Solution 2: Serializing execution of work items
- rxe_wq = alloc_workqueue("rxe_wq", WQ_UNBOUND, WQ_MAX_ACTIVE);
+ rxe_wq = alloc_workqueue("rxe_wq", WQ_HIGHPRI | WQ_UNBOUND, 1);
Solution 3: Merging requester and completer (not yet submitted/tested)
https://lore.kernel.org/all/93c8ad67-f008-4352-8887-099723c2f4ec@xxxxxxxxx/
Not clear to me if we should call this a new feature or a fix.
If it can eliminate the hang issue, it could be an ultimate solution.
It is understandable some people do not want to wait for solution 3 to be submitted and verified.
Is there any problem if we adopt solution 2?
If so, then I agree to going with solution 1.
If not, solution 2 is better to me.
I also do not want to go backwards, I don't believe the locking is
magically correct under tasklets. 2 is painful enough to continue to
motivate people to fix this while unbreaking block tests.

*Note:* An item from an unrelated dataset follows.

(* Consider the adaptive experiment described in the context, with truncated propensities $\pi_t(a\mid X_t,\Omega_{t-1})\in[1/k_t,1-1/k_t]$. Assume: $\mathrm{Var}(Y_t)<\infty$; $v(a,x)<\infty$ for all $a\in\{0,1\}$, $x\in\mathcal{X}$; $k_t\lVert\hat f_t-f\rVert_2=o_{\mathbb{P}}(1)$; $k_t\lVert\pi_t-\pi\rVert_2=o_{\mathbb{P}}(1)$ for some policy $\pi$ with $1/\pi(a\mid x)<\infty$; $1/\pi^{\mathrm{AIPW}}<C_1$ for some constant $C_1<\infty$; and $\mathrm{Var}(\hat f_{t-1}(a,X_t))<\infty$ for $a\in\{0,1\}$. Then, as $t\to\infty$, $$2\, \mathbb{E} \left[ \left(f(1,X_t) - f(0,X_t) - \hat{f}_{t-1}(1,X_t) + \hat{f}_{t-1}(0,X_t) \right) \left(\hat{f}_{t-1}(1,X_t) - \hat{f}_{t-1}(0,X_t) -\theta_0 \right) ~\Big|~\Omega_{t-1}\right]= o_{\mathbb{P}}(1).$$
   Context: Data-generating process: subjects $t=1,2,\dots$ arrive sequentially. The tuples $(X_t, Y_t(0), Y_t(1))$, $X_t\in\mathcal{X}$, are i.i.d. over $t$. Let $\Omega_{t-1}=\{(X_s,A_s,Y_s): s\le t-1\}$ be the history. Given $X_t$ and $\Omega_{t-1}$, the treatment $A_t\in\{0,1\}$ is drawn with $\mathbb{P}(A_t=1\mid X_t,\Omega_{t-1})=\pi_t(1\mid X_t,\Omega_{t-1})$, independently of the current potential outcomes; $Y_t = \mathbb{1}[A_t=0]Y_t(0)+\mathbb{1}[A_t=1]Y_t(1)$. The policies are $\pi_t=(\tilde\pi_t\vee 1/k_t)\wedge(1-1/k_t)$ for arbitrary $(0,1)$-valued policies $\tilde\pi_t$ and user-chosen $k_t\in[2,\infty)$. $f(a,x)=\mathbb{E}[Y_t(a)\mid X_t=x]$, $v(a,x)=\mathrm{Var}(Y_t(a)\mid X_t=x)$, $\theta_0=\mathbb{E}[Y(1)-Y(0)]$; $\hat f_t$ is an estimator of $f$ built from $\Omega_t$; $\lVert g\rVert_2^2=\int g(x)^2d\mathbb{P}(x)$. $\pi^{\mathrm{AIPW}}(1\mid x)=\frac{\sqrt{v(1,x)}}{\sqrt{v(1,x)}+\sqrt{v(0,x)}}$, $\pi^{\mathrm{AIPW}}(0\mid x)=1-\pi^{\mathrm{AIPW}}(1\mid x)$. *)

theory Defs
  imports "HOL-Probability.Probability"
begin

In my opinion (2) is not a solution. Zhu Yanjun reported test failures with
rxe_wq = alloc_workqueue("rxe_wq", WQ_UNBOUND, 1). Adding WQ_HIGHPRI probably
made it less likely to trigger any race conditions but I don't believe that
this is sufficient as a solution.
I'm still puzzled why Bob can't reproduce the things Bart has seen.
Is this necessary? The KASAN complaint that I reported should be more than
enough for someone who is familiar with the RXE driver to identify and fix
the root cause. I can help with testing candidate fixes.
Thanks,
Bart.